So here's how I fixed my Honda EU1000i and got it to run perfectly like when it was new. I changed the FLO JET, which cost me $18.00 Canadian. That flo jet is what controls the idle and it's on TOP of the carb, not in the float bowl. I've attached a link to a guy that shows how to replace it. Note that it has to go back in with the "ears" on the top of it facing sideways, so that the holes in the bottom of it are lined up with the low-speed idle holes in the carb itself. The video isn't all that clear on that issue, but it's a real easy repair. You WILL have to remove the carb, but that's also a no-brainer.

So with the new flo jet in place, my little Honda runs like new. Low speed idle and full power run properly and there's no more surging. 

My part number was 99204-ZE00350 (Jet Set Pilot 35) 

I started with this forum thread but nobody found that issue. Here's my cure, and I hope it helps someone else.

Watch the video on YouTube to find the flo jet and how to replace it. Note the placement of the flo jet when it goes back in. Apparently I can't post the YouTube image as I'm a newbie, but you'll find it if you search > Honda Generator EU10i how to fix rough idle.

BY THE WAY, YOU SHOULD DRAIN THE FLOAT BOAT AFTER EACH USE UNLESS YOU'RE GOING TO USE THE GENERATOR WITHIN A WEEK OR SO.

My local Honda dealer pointed that out to me when I had similar issues with a Honda mower. I've hear that using Chevron 94 octane fuel helps as it doesn't degrade as quickly, but I'd suggest using at least some fuel stabilizer, and DRAIN THAT CARB!! 
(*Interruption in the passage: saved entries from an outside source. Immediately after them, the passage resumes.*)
(* There is an absolute constant $C>0$ such that the following holds. Let $Q(z)=\sum_{j=0}^n b_jz^j$ be a polynomial with complex coefficients such that $|b_0|=1$ and $|b_j|\le M$ for all $j$. Let $0<\nu_1\le1$, and let $A$ be the arc of the circle $\partial D_{\nu_1}(1-\nu_1)$ (center $1-\nu_1$, radius $\nu_1$) with central angle $0<\theta<\pi$ that is symmetric with respect to the real axis and passes through the point $1$. Then there is some $w\in A$ such that $$|Q(w)|\ge(2M)^{-C/(\nu_1\theta)}.$$
   Context: Note $M\ge|b_0|=1$. *)

theory Defs
  imports "HOL-Analysis.Analysis" "HOL-Computational_Algebra.Polynomial"
begin

definition circ_arc :: "real \<Rightarrow> real \<Rightarrow> complex set" where
  "circ_arc nu theta =
     {complex_of_real (1 - nu) + complex_of_real nu * cis t | t. -theta/2 \<le> t \<and> t \<le> theta/2}"

end

theory Submission
  imports Defs "HOL-Complex_Analysis.Conformal_Mappings"
begin

text \<open>
  The core is a two-constants estimate on a lune. A Moebius map sends the unit disc onto the
  upper half-plane and the arc \<open>{|u| = 1, Re u \<ge> cos a}\<close> onto the negative reals; after a
  small rotation the preimage of the upper half-plane is a lune bounded by this arc and by an
  inner circular arc through \<open>exp(\<plusminus>ia)\<close>. If \<open>|f u| (1 - |u|) \<le> K\<close> on the disc and
  \<open>|f| \<le> m\<close> on the arc, then \<open>f u (u - exp(ia)) (u - exp(-ia)) exp(-i\<mu> log(rotated Moebius u))\<close>
  is at most \<open>18 K\<close> on the inner arc, where the logarithm is real and the quadratic factor is
  \<open>O(1 - |u|)\<close>, and at most \<open>4 m exp(\<mu>\<pi>)\<close> on the arc, while for \<open>|u| \<le> 1/2\<close> it is at least
  \<open>|f u| exp(\<mu> sin a / 13) / 4\<close>. Optimising \<open>\<mu>\<close> shows that \<open>f\<close> cannot be small on the whole arc.

  The coefficient bound gives \<open>|Q z| (1 - |z|) \<le> M\<close>. Applied to \<open>Q((1 - \<nu>) u)\<close> with
  \<open>|Q 0| = 1\<close> and half-angle \<open>\<nu>/2\<close>, this produces a point \<open>z\<^sub>0\<close> within \<open>\<nu>/2\<close> of the centre
  \<open>1 - \<nu>\<close> with \<open>-log |Q z\<^sub>0| = O(log(2M) / \<nu>)\<close>; applied again to \<open>Q(1 - \<nu> + \<nu> u)\<close>, starting
  from \<open>z\<^sub>0\<close>, with half-angle \<open>\<theta>/2\<close>, it produces the required point of \<open>A\<close>.
\<close>

lemma Im_div_norm_le_Arg:
  fixes z :: complex
  assumes "0 \<le> Im z" "z \<noteq> 0"
  shows "Im z / cmod z \<le> Arg z"
  using sin_Arg[OF assms(2)] sin_x_le_x[of "Arg z"] Arg_less_0[of z] assms(1) by simp

lemma continuous_within_if_dominated_vanishing:
  fixes f :: "'a::t2_space \<Rightarrow> 'b::real_normed_vector"
    and g :: "'a \<Rightarrow> 'c::real_normed_vector"
  assumes "continuous (at x within S) g" "\<And>y. norm (f y) \<le> norm (g y)" "g x = 0" "f x = 0"
  shows "continuous (at x within S) f"
proof -
  have "(g \<longlongrightarrow> 0) (at x within S)"
    using assms(1,3) by (simp add: continuous_within)
  then have "((\<lambda>y. norm (g y)) \<longlongrightarrow> 0) (at x within S)"
    by (rule tendsto_norm_zero)
  then have "(f \<longlongrightarrow> 0) (at x within S)"
    by (rule Lim_null_comparison[rotated]) (simp add: assms(2))
  then show ?thesis
    using assms(4) by (simp add: continuous_within)
qed

lemma one_minus_cos_le: "1 - cos x \<le> (x::real)\<^sup>2 / 2"
proof -
  have "(sin (x/2))\<^sup>2 \<le> (x/2)\<^sup>2"
    using abs_sin_x_le_abs_x[of "x/2"] abs_le_square_iff by blast
  moreover have "cos x = 1 - 2 * (sin (x/2))\<^sup>2"
    using cos_double_sin[of "x/2"] by simp
  ultimately show ?thesis
    by (simp add: power_divide)
qed

lemma sin_ge_cubic:
  fixes x :: real
  assumes "0 \<le> x"
  shows "x - x^3/6 \<le> sin x"
proof -
  have "(\<lambda>t. sin t - t + t^3/6) 0 \<le> (\<lambda>t. sin t - t + t^3/6) x"
  proof (rule DERIV_nonneg_imp_nondecreasing[OF assms])
    fix y :: real
    have "DERIV (\<lambda>t. sin t - t + t^3/6) y :> cos y - 1 + y\<^sup>2/2"
      by (auto intro!: derivative_eq_intros simp: power2_eq_square)
    moreover have "0 \<le> cos y - 1 + y\<^sup>2/2"
      using one_minus_cos_le[of y] by linarith
    ultimately show "\<exists>d. DERIV (\<lambda>t. sin t - t + t^3/6) y :> d \<and> 0 \<le> d"
      by blast
  qed
  then show ?thesis
    by simp
qed

lemma sin_ge_third:
  fixes x :: real
  assumes "0 \<le> x" "x \<le> 2"
  shows "x / 3 \<le> sin x"
proof -
  have "x * x\<^sup>2 \<le> x * 2\<^sup>2"
    using assms by (intro mult_left_mono power_mono) auto
  then have "x^3 \<le> 4 * x"
    by (simp add: power3_eq_cube power2_eq_square)
  then show ?thesis
    using sin_ge_cubic[OF assms(1)] by linarith
qed

lemma divide_sin_half_le:
  fixes c x :: real
  assumes "0 \<le> c" "0 < x" "x \<le> 4"
  shows "c / sin (x/2) \<le> 6 * c / x"
proof -
  have "x / 6 \<le> sin (x/2)"
    using sin_ge_third[of "x/2"] assms by simp
  then have "c / sin (x/2) \<le> c / (x / 6)"
    using assms by (intro divide_left_mono) auto
  then show ?thesis
    by (simp add: mult.commute)
qed

lemma norm_minus_one_le_if_cos_le:
  assumes "cmod u = 1" "cos t \<le> Re u"
  shows "cmod (u - 1) \<le> \<bar>t\<bar>"
proof -
  have "(cmod (u - 1))\<^sup>2 = (Re u - 1)\<^sup>2 + (Im u)\<^sup>2"
    by (simp add: cmod_power2)
  also have "\<dots> = ((Re u)\<^sup>2 + (Im u)\<^sup>2) - 2 * Re u + 1"
    by (simp add: power2_eq_square algebra_simps)
  also have "\<dots> = (cmod u)\<^sup>2 - 2 * Re u + 1"
    by (simp only: cmod_power2)
  also have "\<dots> \<le> 2 * (1 - cos t)"
    using assms by simp
  also have "\<dots> \<le> \<bar>t\<bar>\<^sup>2"
    using one_minus_cos_le[of t] by simp
  finally show ?thesis
    by (rule power2_le_imp_le) simp
qed

lemma unit_circle_eq_cis_if_cos_le:
  assumes "cmod u = 1" "cos s \<le> Re u" "0 \<le> s" "s \<le> pi"
  shows "\<exists>t. u = cis t \<and> - s \<le> t \<and> t \<le> s"
proof -
  have "u \<noteq> 0"
    using assms(1) by auto
  then have u: "u = cis (Arg u)"
    using cis_Arg[of u] assms(1) by (simp add: sgn_div_norm)
  then have "cos s \<le> cos \<bar>Arg u\<bar>"
    using assms(2) by (metis cis.sel(1) cos_abs_real)
  then have "\<bar>Arg u\<bar> \<le> s"
    using cos_mono_le_eq[of s "\<bar>Arg u\<bar>"] assms(3,4) Arg_bounded[of u] by auto
  then show ?thesis
    using u by (intro exI[of _ "Arg u"]) auto
qed

lemma ln_rescaled_ratio_le:
  fixes M nu y A :: real
  assumes M: "1 \<le> M" and nu: "0 < nu" "nu \<le> 1"
    and y: "0 < y" "- ln y \<le> A * ln (2 * M) / nu"
  shows "ln (72 * M / (nu * y)) \<le> (A + 9) * ln (2 * M) / nu"
proof -
  define \<Lambda> where "\<Lambda> = ln (2 * M)"
  have \<Lambda>: "ln 2 \<le> \<Lambda>"
    using M by (simp add: \<Lambda>_def)
  then have \<Lambda>_half: "1/2 \<le> \<Lambda>"
    using ln2_ge_two_thirds by linarith
  have "ln (36::real) \<le> ln (2^6)"
    by simp
  also have "\<dots> = 6 * ln 2"
    using ln_realpow[of "2::real" 6] by simp
  finally have "ln 36 + \<Lambda> \<le> 7 * \<Lambda>"
    using \<Lambda> by linarith
  also have "\<dots> \<le> 7 * \<Lambda> / nu"
    using \<Lambda>_half nu by (simp add: le_divide_eq mult_left_le)
  finally have "ln 36 + \<Lambda> \<le> 7 * \<Lambda> / nu" .
  moreover have "- ln nu \<le> 2 * \<Lambda> / nu"
    using ln_le_minus_one[of "1/nu"] \<Lambda>_half nu by (simp add: ln_div field_simps)
  moreover have "7 * \<Lambda> / nu + 2 * \<Lambda> / nu + A * \<Lambda> / nu = (A + 9) * \<Lambda> / nu"
    using nu(1) by (simp add: field_simps)
  moreover have "ln (72 * M / (nu * y)) = ln (36 * (2 * M)) - ln (nu * y)"
    using M nu y by (simp add: ln_div)
  moreover have "\<dots> = ln 36 + \<Lambda> - ln nu - ln y"
    using M nu y ln_mult_pos[of 36 "2 * M"] ln_mult_pos[of nu y] unfolding \<Lambda>_def by simp
  ultimately show ?thesis
    using y(2) unfolding \<Lambda>_def by linarith
qed

lemma norm_poly_mult_one_minus_norm_le:
  fixes Q :: "complex poly"
  assumes coeff: "\<And>j. cmod (coeff Q j) \<le> M" and z: "cmod z < 1"
  shows "cmod (poly Q z) * (1 - cmod z) \<le> M"
proof -
  have "0 \<le> M"
    using coeff[of 0] norm_ge_zero order_trans by blast
  have "cmod (poly Q z) \<le> (\<Sum>i\<le>degree Q. cmod (coeff Q i * z ^ i))"
    unfolding poly_altdef by (rule norm_sum)
  also have "\<dots> \<le> (\<Sum>i\<le>degree Q. M * cmod z ^ i)"
    by (intro sum_mono) (simp add: norm_mult norm_power mult_right_mono coeff)
  also have "\<dots> = M * (\<Sum>i\<le>degree Q. cmod z ^ i)"
    by (simp add: sum_distrib_left)
  finally have "cmod (poly Q z) * (1 - cmod z) \<le> M * (\<Sum>i\<le>degree Q. cmod z ^ i) * (1 - cmod z)"
    using z by (intro mult_right_mono) auto
  also have "\<dots> = M * ((1 - cmod z) * (\<Sum>i\<le>degree Q. cmod z ^ i))"
    by (simp only: ac_simps)
  also have "\<dots> = M * (1 - cmod z ^ Suc (degree Q))"
    by (simp only: sum_gp_basic)
  also have "\<dots> \<le> M"
    using \<open>0 \<le> M\<close> by (simp add: mult_left_le)
  finally show ?thesis .
qed

lemma norm_poly_affine_mult_one_minus_norm_le:
  fixes Q :: "complex poly"
  assumes coeff: "\<And>j. cmod (coeff Q j) \<le> M"
    and "0 \<le> c" "0 < r" "c + r \<le> 1" and u: "cmod u < 1"
  shows "cmod (poly Q (of_real c + of_real r * u)) * (1 - cmod u) \<le> M / r"
proof -
  define z where "z = of_real c + of_real r * u"
  have "cmod z \<le> c + r * cmod u"
    using norm_triangle_ineq[of "of_real c" "of_real r * u"] assms(2,3)
    by (simp add: z_def norm_mult)
  moreover have "r * cmod u < r"
    using u assms(3) by simp
  ultimately have "cmod z < 1" and "r * (1 - cmod u) \<le> 1 - cmod z"
    using assms(4) by (simp_all add: algebra_simps)
  then have "r * (cmod (poly Q z) * (1 - cmod u)) \<le> cmod (poly Q z) * (1 - cmod z)"
    by (metis mult.left_commute mult_left_mono norm_ge_zero)
  also have "\<dots> \<le> M"
    by (rule norm_poly_mult_one_minus_norm_le[OF coeff \<open>cmod z < 1\<close>])
  finally show ?thesis
    using assms(3) by (simp add: z_def field_simps)
qed

locale arc_lune =
  fixes a :: real
  assumes a_pos: "0 < a" and a_less_pi: "a < pi"
begin

text \<open>
  \<open>mobius\<close> maps the unit disc onto the upper half-plane and the arc \<open>{|u| = 1, Re u \<ge> cos a}\<close>
  onto the negative reals; \<open>cayley u = |u - cnj (cis a)|\<^sup>2 * mobius u\<close> has the same argument
  and explicit real and imaginary parts. The rotation \<open>rot\<close> by the angle \<open>-arcsin tilt\<close> turns
  the preimage of the upper half-plane into the lune between that arc and an inner circular arc
  through \<open>cis a\<close> and \<open>cnj (cis a)\<close>, on which \<open>Arg (cayley u * rot) = 0\<close>.
\<close>

definition cayley :: "complex \<Rightarrow> complex" where
  "cayley u = cnj (cis a) * (u - cis a) * (cnj u - cis a)"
The drain screw is on the float bowl! It'll drain about a couple of large tablespoons on gas so keep some paper towel handy. Good luck and enjoy that quite little Honda!:smile2:


----------



## finaprint

In my view it's lean due to a carb issue. The choke should never be left on on a warmed up engine. Probably won't hurt as long as it runs fine on as the choke is simply making up for missing fuel. If it has auto-throttle then it should compensate for load but NOT rpm, the RPM needs to stay pretty close to the same to keep the power at the correct Hz.


----------



## RCF

phurley said:


> After my 4 cleanings, I have it under 900 watts of load. It still needs to be slightly choked to run smooth. This unit has a throttle control motor. I believe this is for the eco-throttle which varies the RPM under load. I can't throw it into an agitator without completely removing that throttle control motor which sits on top of the carb. The Japanese.... should have bought a Yamaha. Oh that's Japanese too.


Two screw on top, and the automatic throttle motor comes off. I have found that the return spring is not strong enough to close the butterfly valve after high rpm. I sprayed WD40 on the motor and linkages, and it still won't return. I will look for an exploded view of the carburetor parts to see if there is another spring missing.


----------



## RCF

RCF said:


> Two screw on top, and the automatic throttle motor comes off. I have found that the return spring is not strong enough to close the butterfly valve after high rpm. I sprayed WD40 on the motor and linkages, and it still won't return. I will look for an exploded view of the carburetor parts to see if there is another spring missing.


I found the YouTube video showing the idle flow jet clogged. Works great!
Thanks McDuck


----------